(RECORDS FOR THE TASK):
=== Section Start ===

(* Let $I$ be a finite set. The space $\mathcal{P}(\mathbf{k}\mathbf{HG})[I]$ of primitive elements of $\mathbf{k}\mathbf{HG}[I]$ has a basis consisting of the elements \[\omega_{\mathcal{G}}=\sum_{\mathcal{G}\le\mathcal{H}}\mu(\mathcal{G},\mathcal{H})\,\mathcal{H}\] for hypergraphs $\mathcal{G}$ on $I$ whose complement is connected. Further, the subspace of primitives of the Hopf algebra of hypergraphs $\mathcal{F}(\mathbf{k}\mathbf{HG})$ has a basis given by the elements $[\omega_{\mathcal{G}}]=\sum_{\mathcal{G}\le\mathcal{H}}\mu(\mathcal{G},\mathcal{H})[\mathcal{H}]$ for hypergraphs $\mathcal{G}$ whose complement is connected.
   Context: $\mathbf{k}$ is a field of characteristic $0$. A hypergraph on a finite vertex set $I$ is $\mathcal{G}=(I,E)$ with $E$ a set of subsets of $I$ of size at least $2$. $\mathbf{HG}[I]$ is the set of hypergraphs on $I$, ordered by inclusion of hyperedge sets; $\mu$ is its Möbius function; $\mathbf{k}\mathbf{HG}[I]$ is the vector space with basis $\mathbf{HG}[I]$. Multiplication: for $\mathcal{G}_1$ on $S$, $\mathcal{G}_2$ on $T$ disjoint, $m_{S,T}(\mathcal{G}_1,\mathcal{G}_2)=(S\sqcup T,E(\mathcal{G}_1)\cup E(\mathcal{G}_2))$ (disjoint union). Comultiplication: $\Delta_{S,T}(\mathcal{G})=\mathcal{G}|S\otimes\mathcal{G}|T$ where $\mathcal{G}|S=(S,\{U\in E(\mathcal{G}):U\subseteq S\})$. An element $p\in\mathbf{k}\mathbf{HG}[I]$ is primitive if $\Delta_{S,T}(p)=0$ for all $I=S\sqcup T$ with $S,T$ nonempty. The complement of $\mathcal{G}=(I,E)$ is $\mathcal{G}^c=(I,\{U\subseteq I:|U|\ge2,\ U\notin E\})$. A hypergraph is connected if it is not the disjoint union $m_{S,T}(\mathcal{G}_1,\mathcal{G}_2)$ of hypergraphs on nonempty vertex sets $S,T$. The Fock functor gives the Hopf algebra $\mathcal{F}(\mathbf{k}\mathbf{HG})=\bigoplus_n\mathbf{k}\mathbf{HG}[\{1,\dots,n\}]_{S_n}$ (coinvariants under relabelling), $[\mathcal{H}]$ denoting the class of $\mathcal{H}$, with product $[\mathcal{G}_1][\mathcal{G}_2]=[m(\mathcal{G}_1,\mathcal{G}_2)]$ and coproduct $\Delta([\mathcal{G}])=\sum_{S\sqcup T=\{1,\dots,n\}}[\mathcal{G}|S]\otimes[\mathcal{G}|T]$; $h$ is primitive there if $\Delta(h)=h\otimes1+1\otimes h$. In $[\omega_{\mathcal{G}}]$ the sum runs over $\mathcal{H}\in\mathbf{HG}[\{1,\dots,n\}]$, not over classes. *)

theory Defs
  imports Complex_Main "HOL-Library.Function_Algebras"
begin

text \<open>A hypergraph on the vertex set I is identified with its set of hyperedges E,
  a set of subsets of I of size at least 2.\<close>

definition hyperedges :: "'v set \<Rightarrow> 'v set set" where
  "hyperedges I = {U. U \<subseteq> I \<and> 2 \<le> card U}"

definition HG :: "'v set \<Rightarrow> 'v set set set" where
  "HG I = Pow (hyperedges I)"

definition hg_restrict :: "'v set set \<Rightarrow> 'v set \<Rightarrow> 'v set set" where
  "hg_restrict E S = {U \<in> E. U \<subseteq> S}"

definition hg_compl :: "'v set \<Rightarrow> 'v set set \<Rightarrow> 'v set set" where
  "hg_compl I E = hyperedges I - E"

definition hg_connected :: "'v set \<Rightarrow> 'v set set \<Rightarrow> bool" where
  "hg_connected I E \<longleftrightarrow> \<not> (\<exists>S T E1 E2. S \<noteq> {} \<and> T \<noteq> {} \<and> S \<inter> T = {} \<and> S \<union> T = I
       \<and> E1 \<in> HG S \<and> E2 \<in> HG T \<and> E = E1 \<union> E2)"

definition is_mobius :: "'a set set \<Rightarrow> ('a set \<Rightarrow> 'a set \<Rightarrow> 'k::comm_ring_1) \<Rightarrow> bool" where
  "is_mobius P m \<longleftrightarrow>
     (\<forall>x\<in>P. m x x = 1) \<and>
     (\<forall>x\<in>P. \<forall>y\<in>P. x \<subset> y \<longrightarrow> m x y = - (\<Sum>z\<in>{z\<in>P. x \<subseteq> z \<and> z \<subset> y}. m x z)) \<and>
     (\<forall>x y. \<not> (x \<in> P \<and> y \<in> P \<and> x \<subseteq> y) \<longrightarrow> m x y = 0)"

definition mobius :: "'a set set \<Rightarrow> 'a set \<Rightarrow> 'a set \<Rightarrow> 'k::comm_ring_1" where
  "mobius P = (THE m. is_mobius P m)"

text \<open>Vectors are coefficient functions on hypergraphs; kHG[I] consists of those
  supported on HG[I] (a finite set, since I is finite).\<close>

abbreviation fscale :: "'k::field \<Rightarrow> ('x \<Rightarrow> 'k) \<Rightarrow> ('x \<Rightarrow> 'k)" where
  "fscale c f \<equiv> (\<lambda>x. c * f x)"

definition kHG :: "'v set \<Rightarrow> ('v set set \<Rightarrow> 'k::field) set" where
  "kHG I = {v. \<forall>H. v H \<noteq> 0 \<longrightarrow> H \<in> HG I}"

text \<open>The component Delta_{S,T}(v) in kHG[S] (x) kHG[T], written in the basis
  HG[S] x HG[T] of the tensor product: coefficient of G1 (x) G2.\<close>
definition coprod_ST :: "'v set \<Rightarrow> 'v set \<Rightarrow> 'v set \<Rightarrow> ('v set set \<Rightarrow> 'k::field)
     \<Rightarrow> ('v set set \<times> 'v set set \<Rightarrow> 'k)" where
  "coprod_ST I S T v = (\<lambda>(G1, G2).
      \<Sum>H\<in>{H \<in> HG I. hg_restrict H S = G1 \<and> hg_restrict H T = G2}. v H)"

definition hg_primitive :: "'v set \<Rightarrow> ('v set set \<Rightarrow> 'k::field) \<Rightarrow> bool" where
  "hg_primitive I p \<longleftrightarrow> p \<in> kHG I \<and>
     (\<forall>S T. S \<union> T = I \<and> S \<inter> T = {} \<and> S \<noteq> {} \<and> T \<noteq> {} \<longrightarrow> coprod_ST I S T p = (\<lambda>_. 0))"

definition omega :: "'v set \<Rightarrow> 'v set set \<Rightarrow> ('v set set \<Rightarrow> 'k::field)" where
  "omega I G = (\<lambda>H. if H \<in> HG I \<and> G \<subseteq> H then mobius (HG I) G H else 0)"

text \<open>Basis of kHG[{1..n}]_{S_n}: isomorphism classes.\<close>

type_synonym hgclass = "nat \<times> nat set set set"

definition cl_of :: "nat set \<Rightarrow> nat set set \<Rightarrow> hgclass" where
  "cl_of S E = (card S, {E'. \<exists>f. bij_betw f S {1..card S} \<and> E' = (image f) ` E})"

definition fock_classes :: "hgclass set" where
  "fock_classes = {cl_of {1..n} E | n E. E \<in> HG {1..n}}"

text \<open>F(kHG): finitely supported coefficient functions on classes (direct sum over n).\<close>
definition fock_space :: "(hgclass \<Rightarrow> 'k::field) set" where
  "fock_space = {h. finite {c. h c \<noteq> 0} \<and> (\<forall>c. h c \<noteq> 0 \<longrightarrow> c \<in> fock_classes)}"

text \<open>The canonical projection kHG[{1..n}] -> kHG[{1..n}]_{S_n}, v |-> [v].\<close>
definition cls :: "nat \<Rightarrow> (nat set set \<Rightarrow> 'k::field) \<Rightarrow> (hgclass \<Rightarrow> 'k)" where
  "cls n v = (\<lambda>c. if c \<in> fock_classes \<and> fst c = n then (\<Sum>H\<in>snd c. v H) else 0)"

definition fock_rep :: "hgclass \<Rightarrow> nat set set" where
  "fock_rep c = (SOME G. G \<in> HG {1..fst c} \<and> cl_of {1..fst c} G = c)"

text \<open>Coproduct Delta([G]) = sum over S disjoint-union T = {1..n} of [G|S] (x) [G|T],
  extended linearly; elements of F (x) F are written in the basis of pairs of classes.\<close>
definition fock_delta :: "(hgclass \<Rightarrow> 'k::field) \<Rightarrow> (hgclass \<times> hgclass \<Rightarrow> 'k)" where
  "fock_delta h = (\<lambda>(c1, c2). \<Sum>c\<in>{c \<in> fock_classes. h c \<noteq> 0}.
      h c * of_nat (card {S. S \<subseteq> {1..fst c}
          \<and> cl_of S (hg_restrict (fock_rep c) S) = c1
          \<and> cl_of ({1..fst c} - S) (hg_restrict (fock_rep c) ({1..fst c} - S)) = c2}))"

definition fock_one :: "hgclass \<Rightarrow> 'k::field" where
  "fock_one = (\<lambda>c. if c = cl_of {} {} then 1 else 0)"

definition fock_primitive :: "(hgclass \<Rightarrow> 'k::field) \<Rightarrow> bool" where
  "fock_primitive h \<longleftrightarrow> h \<in> fock_space \<and>
     fock_delta h = (\<lambda>(c1, c2). h c1 * fock_one c2 + fock_one c1 * h c2)"

end

theory Submission
  imports Defs
begin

=== Section End ===

(GOAL OF THE EXERCISE): What do the lines above say from the one containing "set set \<Rightarrow> 'a" down to the one containing "v H \<noteq>"? Return them exactly, both end lines included, and only them.

(RESULT OF THIS TASK):
definition mobius :: "'a set set \<Rightarrow> 'a set \<Rightarrow> 'a set \<Rightarrow> 'k::comm_ring_1" where
  "mobius P = (THE m. is_mobius P m)"

text \<open>Vectors are coefficient functions on hypergraphs; kHG[I] consists of those
  supported on HG[I] (a finite set, since I is finite).\<close>

abbreviation fscale :: "'k::field \<Rightarrow> ('x \<Rightarrow> 'k) \<Rightarrow> ('x \<Rightarrow> 'k)" where
  "fscale c f \<equiv> (\<lambda>x. c * f x)"

definition kHG :: "'v set \<Rightarrow> ('v set set \<Rightarrow> 'k::field) set" where
  "kHG I = {v. \<forall>H. v H \<noteq> 0 \<longrightarrow> H \<in> HG I}"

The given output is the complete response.